Was du machen könntest, wäre ein Skript, welches die Templates aus galleries "abholt". Also ein Skript im Unterverzeichnis, welches das entsprechende Template übers Dateisystem ausliest und in geeigneter Form an das andere Skript ausgibt.
Das wäre dann keine HTTP-Anfrage, und somit auch von dem Verzeichnisschutz nicht betroffen.
In dem Fall könntest du alles lassen, wie du es am Anfang hattest 

Was auch noch ginge, wäre, Herrn Maier und seinen Skripten nur Zugriff auf bestimmte Dateien im übergeordneten Verzeichnis zu gewähren, falls dies ausreichen würde.


----------



## lx2 (24. Juni 2009)

Ok, dann hab ich jetzt ein kleines Problem!
Weil ich leider gezwungenermaßen HTTP-Anfragen benutze.

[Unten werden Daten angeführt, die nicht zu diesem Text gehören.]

lemma dPhi_eq: "dPhi T = sqrt 2 * (g 1 1 * (rho 1 1 + rho (-1) (-1)) + g 1 (-1) * (rho 1 (-1) + rho (-1) 1))"
proof -
  have "sqrt 2 * num_K (of_int e) (of_int d) T
          / (den_A (of_int e) T * den_B (of_int d) T * sqrt (rad_P (of_int e) (of_int d) T))
      = sqrt 2 * g e d * rho e d" if "e \<in> {-1, 1}" "d \<in> {-1, 1}" for e d
    using that by (simp add: num_K_factor ipoly_LA ipoly_LB ipoly_LP)
  from this[of 1 1] this[of 1 "-1"] this[of "-1" 1] this[of "-1" "-1"] show ?thesis
    by (simp add: dPhi_def Lg_def algebra_simps)
qed

lemma den_pos:
  assumes "0 < T" "e \<in> {-1, 1}" "d \<in> {-1, 1}"
  shows "0 < A e" "0 < B d" "0 < P e d" "0 < R e d"
proof -
  show "0 < A e" "0 < B d" "0 < P e d"
    using assms by (simp_all only: ipoly_LA ipoly_LB ipoly_LP den_A_pos den_B_pos rad_P_pos)
  then show "0 < R e d"
    by (simp add: LR_def add_pos_nonneg)
qed

lemma rho_pair_nonpos:
  assumes "0 < T" "e \<in> {-1, 1}" "d \<in> {-1, 1}" "q e d < 0" "0 \<le> ipoly (Ldisc e d) T"
  shows "rho e d + rho (-e) (-d) \<le> 0"
proof -
  have "-e \<in> {-1, 1}" "-d \<in> {-1, 1}"
    using assms(2,3) by auto
  note pos = den_pos[OF assms(1-3)] den_pos[OF assms(1) this]
  show ?thesis
    by (rule frac_pair_nonpos) (use assms(4,5) pos in \<open>simp_all add: Ldisc_def power2_eq_square mult_ac\<close>)
qed

lemma inv_sqrt2_le_imp:
  assumes "1 / sqrt 2 \<le> T"
  shows "7/10 \<le> T" "0 \<le> g 1 1"
proof -
  have "sqrt 2 < (10/7::real)"
    by (rule real_less_lsqrt) (simp_all add: power_divide)
  then have "7/10 < 1 / sqrt (2::real)"
    by (simp add: field_simps)
  then show "7/10 \<le> T"
    using assms by linarith
  have "(1 / sqrt 2)\<^sup>2 \<le> T\<^sup>2"
    using assms by (intro power_mono) simp_all
  then show "0 \<le> g 1 1"
    by (simp add: Lg_def power_divide power2_eq_square)
qed

lemma rho_anti_pair_le:
  assumes "1 / sqrt 2 \<le> T" "0 \<le> N" "0 < q (-1) 1"
  shows "rho 1 (-1) + rho (-1) 1 \<le> g 1 1 * anti_bound"
proof -
  note T = inv_sqrt2_le_imp[OF assms(1)]
  then have "0 < T" by simp
  note pos = den_pos[OF this, of 1 "-1"] den_pos[OF this, of "-1" 1] and sgn = certified_signs[OF T(1)]
  have M: "(q (-1) 1)\<^sup>2 * (A 1 * B (-1))\<^sup>2 * P 1 (-1) - (q 1 (-1))\<^sup>2 * (A (-1) * B 1)\<^sup>2 * P (-1) 1
      = g 1 1 * N"
    using Ldisc_anti[of T] by (simp add: Ldisc_def power2_eq_square algebra_simps)
  show ?thesis
    using conjugate_pair_le[of "q 1 (-1)" "q (-1) 1" "A 1 * B (-1)" "A (-1) * B 1"
        "P 1 (-1)" "P (-1) 1" 20 "C 1 (-1)" "C (-1) 1"] assms(2,3) T(2) pos sgn
    unfolding M by (simp add: LR_def LD_def power2_eq_square mult_ac)
qed

lemma anti_den_pos:
  assumes "7/10 \<le> T" "0 < q (-1) 1"
  shows "0 < anti_den"
proof -
  have "0 < T" using assms(1) by simp
  note pos = den_pos[OF this, of 1 "-1"] den_pos[OF this, of "-1" 1] and sgn = certified_signs[OF assms(1)]
  have "0 < q (-1) 1 * A 1 * B (-1) * C (-1) 1 * R 1 (-1)"
    using assms(2) pos sgn by simp
  moreover have "q 1 (-1) * A (-1) * B 1 * C 1 (-1) * R (-1) 1 < 0"
    using pos sgn by (simp add: mult_neg_pos)
  ultimately have "0 < D"
    by (simp add: LD_def)
  then show ?thesis
    using pos by simp
qed

lemma rho_mm_le:
  assumes "7/10 \<le> T"
  shows "rho (-1) (-1) \<le> 40 * C (-1) (-1) * q (-1) (-1) / (A (-1) * B (-1) * R (-1) (-1))"
proof -
  have "0 < T" using assms by simp
  note pos = den_pos[OF this, of "-1" "-1"] and sgn = certified_signs[OF assms]
  have "rho (-1) (-1) \<le> 2 * 20 * C (-1) (-1) * q (-1) (-1)
      / (A (-1) * B (-1) * (20\<^sup>2 * P (-1) (-1) + (C (-1) (-1))\<^sup>2))"
    using pos sgn by (intro frac_sqrt_le_of_nonpos) simp_all
  then show ?thesis
    by (simp add: LR_def power2_eq_square)
qed

lemma diag_plus_anti_bound_nonpos_of_q_nonneg:
  assumes T: "7/10 \<le> T" and "0 < q (-1) 1" "0 \<le> q 1 1"
  shows "rho 1 1 + rho (-1) (-1) + g 1 (-1) * anti_bound \<le> 0"
proof -
  have "0 < T" using T by simp
  note pos = den_pos[OF this, of 1 1] den_pos[OF this, of "-1" "-1"] and sgn = certified_signs[OF T]
  have "rho 1 1 \<le> q 1 1 * (20\<^sup>2 * P 1 1 + (C 1 1)\<^sup>2) / (2 * 20 * C 1 1 * (A 1 * B 1) * P 1 1)"
    using assms(3) pos sgn by (intro frac_sqrt_le_of_nonneg) simp_all
  then have x: "rho 1 1 \<le> q 1 1 * R 1 1 / (40 * C 1 1 * (A 1 * B 1) * P 1 1)"
    by (simp add: LR_def power2_eq_square)
  show ?thesis
  proof (rule add3_nonpos_of_bounds[OF _ _ _ x rho_mm_le[OF T]])
    show "g 1 (-1) * anti_bound \<le> g 1 (-1) * N * R 1 (-1) * R (-1) 1 / anti_den"
      by simp
    have "q 1 1 * R 1 1 * (A (-1) * B (-1) * R (-1) (-1)) * anti_den
        + 40 * C (-1) (-1) * q (-1) (-1) * (40 * C 1 1 * (A 1 * B 1) * P 1 1) * anti_den
        + g 1 (-1) * N * R 1 (-1) * R (-1) 1 * (40 * C 1 1 * (A 1 * B 1) * P 1 1) * (A (-1) * B (-1) * R (-1) (-1))
        = 40 * (A 1 * A (-1) * B 1 * B (-1)) * ipoly LE_qpos T" (is "?cleared = _")
      by (simp add: LE_qpos_def algebra_simps)
    also have "\<dots> \<le> 0"
      using pos sgn by (simp add: mult_pos_neg less_imp_le)
    finally show "?cleared \<le> 0" .
  qed (use pos sgn anti_den_pos[OF assms(1,2)] in simp_all)
qed

lemma diag_plus_anti_bound_nonpos_of_q_neg:
  assumes T: "7/10 \<le> T" and "0 < q (-1) 1" "q 1 1 < 0"
  shows "rho 1 1 + rho (-1) (-1) + g 1 (-1) * anti_bound \<le> 0"
proof -
  have "0 < T" using T by simp
  note pos = den_pos[OF this, of 1 1] den_pos[OF this, of "-1" "-1"]
  have "28/10 \<le> T"
  proof (rule ccontr)
    assume small: "\<not> 28/10 \<le> T"
    then have "0 \<le> (T - 7/10) * (28/10 - T)"
      using T by simp
    then show False
      using assms(3) small by (simp add: Lq_def algebra_simps)
  qed
  have x: "rho 1 1 \<le> 0 / 1"
    using assms(3) pos by (simp add: divide_nonpos_pos)
  show ?thesis
  proof (rule add3_nonpos_of_bounds[OF _ _ _ x rho_mm_le[OF T]])
    show "g 1 (-1) * anti_bound \<le> g 1 (-1) * N * R 1 (-1) * R (-1) 1 / anti_den"
      by simp
    have "0 * (A (-1) * B (-1) * R (-1) (-1)) * anti_den
        + 40 * C (-1) (-1) * q (-1) (-1) * 1 * anti_den
        + g 1 (-1) * N * R 1 (-1) * R (-1) 1 * 1 * (A (-1) * B (-1) * R (-1) (-1))
        = A (-1) * B (-1) * ipoly LE_qneg T" (is "?cleared = _")
      by (simp add: LE_qneg_def algebra_simps)
    also have "\<dots> \<le> 0"
      using pos LE_qneg_neg_beyond[OF \<open>28/10 \<le> T\<close>] by (simp add: mult_pos_neg less_imp_le)
    finally show "?cleared \<le> 0" .
  qed (use pos anti_den_pos[OF assms(1,2)] in simp_all)
qed

lemma dPhi_nonpos:
  assumes "1 / sqrt 2 \<le> T"
  shows "dPhi T \<le> 0"
proof -
  note T = inv_sqrt2_le_imp[OF assms]
  then have T0: "0 < T" by simp
  note sgn = certified_signs[OF T(1)]
  have g: "0 < g 1 (-1)"
    by (simp add: Lg_def add_pos_nonneg)
  have diag: "rho 1 1 + rho (-1) (-1) \<le> 0"
    using rho_pair_nonpos[OF T0, of "-1" "-1"] sgn by simp
  have "g 1 1 * (rho 1 1 + rho (-1) (-1)) + g 1 (-1) * (rho 1 (-1) + rho (-1) 1) \<le> 0"
  proof (cases "N < 0")
    case True
    then have "0 \<le> ipoly (Ldisc 1 (-1)) T"
      using T(2) by (simp add: Ldisc_anti mult_nonneg_nonpos less_imp_le)
    then have "rho 1 (-1) + rho (-1) 1 \<le> 0"
      using rho_pair_nonpos[OF T0, of 1 "-1"] sgn by simp
    then show ?thesis
      using diag T(2) g by (simp add: add_nonpos_nonpos mult_nonneg_nonpos)
  next
    case False
    then have "T < 46/10"
      using LN_neg_beyond by force
    then have qmp: "0 < q (-1) 1"
      using T0 by (simp add: Lq_def add_pos_nonneg)
    have "g 1 (-1) * (rho 1 (-1) + rho (-1) 1) \<le> g 1 (-1) * (g 1 1 * anti_bound)"
      using rho_anti_pair_le[OF assms _ qmp] False g by (intro mult_left_mono) simp_all
    moreover have "g 1 1 * (rho 1 1 + rho (-1) (-1) + g 1 (-1) * anti_bound) \<le> 0"
      using T(2) qmp diag_plus_anti_bound_nonpos_of_q_nonneg[OF T(1) qmp]
        diag_plus_anti_bound_nonpos_of_q_neg[OF T(1) qmp]
      by (cases "0 \<le> q 1 1") (simp_all add: mult_nonneg_nonpos)
    ultimately show ?thesis
      by (simp add: algebra_simps)
  qed
  then show ?thesis
    by (simp add: dPhi_eq mult_nonneg_nonpos)
qed

end

lemma Phi_antitone:
  assumes "1 / sqrt 2 \<le> T"
  shows "Phi T \<le> Phi (1 / sqrt 2)"
proof (rule DERIV_nonpos_imp_nonincreasing[OF assms])
  fix t :: real
  assume "1 / sqrt 2 \<le> t"
  moreover have "0 < 1 / sqrt (2::real)" by simp
  ultimately show "\<exists>y. (Phi has_real_derivative y) (at t) \<and> y \<le> 0"
    using Phi_deriv dPhi_nonpos by (meson less_le_trans)
qed
lemma powser2_conv_dx_coeffs:
  assumes "powser2_conv c \<rho>"
  shows "powser2_conv (dx_coeffs c) \<rho>"
proof (rule powser2_conv_if_hom_norm_le[OF assms])
  fix n
  have "hom_norm (dx_coeffs c) n = (\<Sum>i\<le>n. of_nat (Suc i) * norm (c (Suc i) (Suc n - Suc i)))"
    by (simp add: hom_norm_def dx_coeffs_def norm_mult del: of_nat_Suc)
  also have "\<dots> \<le> (\<Sum>i\<le>n. of_nat (Suc n) * norm (c (Suc i) (Suc n - Suc i)))"
    by (intro sum_mono mult_right_mono) auto
  also have "\<dots> \<le> of_nat (Suc n) * (norm (c 0 (Suc n - 0)) + (\<Sum>i\<le>n. norm (c (Suc i) (Suc n - Suc i))))"
    by (simp add: sum_distrib_left distrib_left)
  also have "\<dots> = of_nat (Suc n) * hom_norm c (Suc n)"
    unfolding hom_norm_def sum.atMost_Suc_shift by simp
  finally show "hom_norm (dx_coeffs c) n \<le> of_nat (Suc n) * hom_norm c (Suc n)" .
qed

lemma powser2_conv_dy_coeffs:
  assumes "powser2_conv c \<rho>"
  shows "powser2_conv (dy_coeffs c) \<rho>"
proof (rule powser2_conv_if_hom_norm_le[OF assms])
  fix n
  have "hom_norm (dy_coeffs c) n = (\<Sum>i\<le>n. of_nat (Suc n - i) * norm (c i (Suc n - i)))"
    by (auto simp: hom_norm_def dy_coeffs_def norm_mult Suc_diff_le simp del: of_nat_Suc
        intro!: sum.cong)
  also have "\<dots> \<le> (\<Sum>i\<le>n. of_nat (Suc n) * norm (c i (Suc n - i)))"
    by (intro sum_mono mult_right_mono) auto
  also have "\<dots> \<le> of_nat (Suc n) * hom_norm c (Suc n)"
    by (simp add: hom_norm_def sum_distrib_left distrib_left)
  finally show "hom_norm (dy_coeffs c) n \<le> of_nat (Suc n) * hom_norm c (Suc n)" .
qed

lemma hom_dirderiv_sums:
  assumes "powser2_conv c \<rho>" "norm v < \<rho>"
  shows "(\<lambda>n. hom_dirderiv d (\<lambda>i. c i (Suc n - i)) n v)
           sums (of_real (fst d) * powser2 (dx_coeffs c) v + of_real (snd d) * powser2 (dy_coeffs c) v)"
  unfolding hom_dirderiv_slice
  by (intro sums_add sums_mult hom_part_sums_powser2[OF _ assms(2)]
      powser2_conv_dx_coeffs powser2_conv_dy_coeffs assms(1))

lemma norm_hom_dirderiv_slice_le:
  assumes "norm y \<le> \<sigma>"
  shows "norm (hom_dirderiv d (\<lambda>i. c i (Suc n - i)) n y)
           \<le> (hom_norm (dx_coeffs c) n + hom_norm (dy_coeffs c) n) * \<sigma> ^ n * norm d"
proof -
  have fst_le: "\<bar>fst d\<bar> \<le> norm d" and snd_le: "\<bar>snd d\<bar> \<le> norm d"
    using norm_fst_le[of "fst d" "snd d"] norm_snd_le[of "snd d" "fst d"] by auto
  have "norm (hom_dirderiv d (\<lambda>i. c i (Suc n - i)) n y)
      \<le> norm (of_real (fst d) * hom_part (dx_coeffs c) n y) + norm (of_real (snd d) * hom_part (dy_coeffs c) n y)"
    unfolding hom_dirderiv_slice by (rule norm_triangle_ineq)
  also have "\<dots> \<le> norm d * (hom_norm (dx_coeffs c) n * \<sigma> ^ n) + norm d * (hom_norm (dy_coeffs c) n * \<sigma> ^ n)"
    unfolding norm_mult norm_of_real using norm_hom_part_le[OF assms] fst_le snd_le
    by (intro add_mono mult_mono) auto
  finally show ?thesis
    by (simp add: algebra_simps)
qed

lemma hom_part_Suc_sums:
  assumes "powser2_conv c \<rho>" "norm v < \<rho>"
  shows "(\<lambda>n. hom_part c (Suc n) v) sums (powser2 c v - c 0 0)"
proof -
  have "hom_part c 0 v = c 0 0"
    by (simp add: hom_part_def hom_poly_def)
  then show ?thesis
    using hom_part_sums_powser2[OF assms] sums_Suc_iff[of "\<lambda>n. hom_part c n v" "powser2 c v - c 0 0"]
    by simp
qed
section \<open>Averaging along a strongly continuous semigroup\<close>

lemma uniformly_bounded_on_ball:
  fixes A :: "nat \<Rightarrow> 'a::banach \<Rightarrow>\<^sub>L 'b::real_normed_vector"
  assumes pointwise: "\<And>x. \<exists>C. \<forall>n. norm (A n x) \<le> C"
  obtains x0 r m where "r > 0" "\<And>n y. y \<in> ball x0 r \<Longrightarrow> norm (A n y) \<le> real m"
proof -
  define G where "G m = {x. \<forall>n. norm (A n x) \<le> real m}" for m :: nat
  have closed: "closed (G m)" for m
    unfolding G_def by (intro closed_Collect_all closed_Collect_le continuous_intros)
  have "x \<in> (\<Union>m. G m)" for x
  proof -
    obtain C where C: "\<forall>n. norm (A n x) \<le> C" using pointwise by blast
    obtain m :: nat where "C \<le> real m" using real_arch_simple by blast
    with C have "x \<in> G m" unfolding G_def mem_Collect_eq by (meson order_trans)
    then show ?thesis by blast
  qed
  then have cover: "(\<Union>m. G m) = UNIV" by blast
  have "\<exists>m. interior (G m) \<noteq> {}"
  proof (rule ccontr)
    assume "\<not> (\<exists>m. interior (G m) \<noteq> {})"
    then have "Met_TC.mtopology interior_of \<Union> (range G) = {}"
      by (intro Met_TC.metric_Baire_category_alt) (auto simp: closed complete_UNIV)
    then show False using cover by simp
  qed
  then obtain m x0 where "x0 \<in> interior (G m)" by blast
  then obtain r where "r > 0" "ball x0 r \<subseteq> G m"
    by (meson interior_subset open_contains_ball_eq open_interior order_trans)
  then show thesis using that[of r x0 m] unfolding G_def by blast
qed

lemma uniform_boundedness:
  fixes A :: "nat \<Rightarrow> 'a::banach \<Rightarrow>\<^sub>L 'b::real_normed_vector"
  assumes "\<And>x. \<exists>C. \<forall>n. norm (A n x) \<le> C"
  shows "\<exists>K. \<forall>n. norm (A n) \<le> K"
proof -
  obtain x0 r m where r: "r > 0" and ball: "\<And>n y. y \<in> ball x0 r \<Longrightarrow> norm (A n y) \<le> real m"
    using uniformly_bounded_on_ball[OF assms] by metis
  have bound: "norm (A n y) \<le> (4 * real m / r) * norm y" for n y
  proof (cases "y = 0")
    case False
    define c where "c = r / 2 / norm y"
    have c: "c > 0" using r False by (simp add: c_def)
    have "norm (A n (x0 + c *\<^sub>R y)) \<le> real m"
      using r False by (intro ball) (simp add: c_def dist_norm)
    moreover have "norm (A n x0) \<le> real m" using r by (intro ball) simp
    ultimately have "norm (A n (x0 + c *\<^sub>R y) - A n x0) \<le> 2 * real m"
      using norm_triangle_ineq4[of "A n (x0 + c *\<^sub>R y)" "A n x0"] by simp
    then have "c * norm (A n y) \<le> 2 * real m"
      using c by (simp add: blinfun.add_right blinfun.scaleR_right)
    then show ?thesis using c r False by (simp add: c_def field_simps)
  qed simp
  have "norm (A n) \<le> 4 * real m / r" for n
    by (rule norm_blinfun_bound) (use r bound in auto)
  then show ?thesis by blast
qed

definition orbit_avg :: "(real \<Rightarrow> ('a::banach \<Rightarrow>\<^sub>L 'a)) \<Rightarrow> real \<Rightarrow> 'a \<Rightarrow> 'a" where
  "orbit_avg T h x = (1 / h) *\<^sub>R integral {0..h} (\<lambda>s. T s x)"

definition regular_upto ::
    "(real \<Rightarrow> ('a::real_normed_vector \<Rightarrow>\<^sub>L 'a)) \<Rightarrow> real \<Rightarrow> (nat \<Rightarrow> real) \<Rightarrow> nat \<Rightarrow> 'a \<Rightarrow> bool" where
  "regular_upto T M d n y \<longleftrightarrow>
     norm y < M \<and> (\<forall>m\<le>n. \<forall>s. 0 < s \<and> s < d m \<longrightarrow> norm (T s y - y) < 1 / (real m + 1))"

text \<open>For y regular up to level k but not up to k + 1, averaging over the window d k / 3 keeps the
  moduli of the levels up to k and adds a Lipschitz bound at time scales below d k, so the range
  of the smoothing map is uniformly continuous under T.\<close>
definition smoothing :: "(real \<Rightarrow> ('a::banach \<Rightarrow>\<^sub>L 'a)) \<Rightarrow> real \<Rightarrow> (nat \<Rightarrow> real) \<Rightarrow> 'a \<Rightarrow> 'a" where
  "smoothing T M d y =
     (if \<not> regular_upto T M d 0 y then 0
      else if \<forall>n. regular_upto T M d n y then y
      else orbit_avg T (d (LEAST k. \<not> regular_upto T M d (Suc k) y) / 3) y)"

Dann werd ich mal ganz konkret, sonst wird das hier nix mehr.
MaierMüller&co war nur ein Beispiel. 

Bei mir sieht das folgendermaßen aus:

Ich bastle geraden an einem Albumkonfigurator in Flash.
Im Ordner *../galleries* habe ich vorgefertigte Dateien. (*.php & configurator.swf )
Wenn der Admin ein neues Album erstellt, wird ein neuer Unterordner mit htaccess generiert, Fotos upgeloadet und eben diese  vorgefertigten Dateien (personalisiert) in den Unterorder kopiert.

Wenn ein User seinen Unterorder aufruft, kann er gewünschte Fotos anklicken und ein Layout wählen. Dann startet er den Flash Konfigurator.
Der soll sich jetzt - basieren auf das gewählte Layout - die Templatedateien aus dem Überordner holen (Da gibts nämlich *.../galleries/layout1.swf - layout20.swf*). Und Flash arbeitet soweit ich weiß mit HTTP-Protokol.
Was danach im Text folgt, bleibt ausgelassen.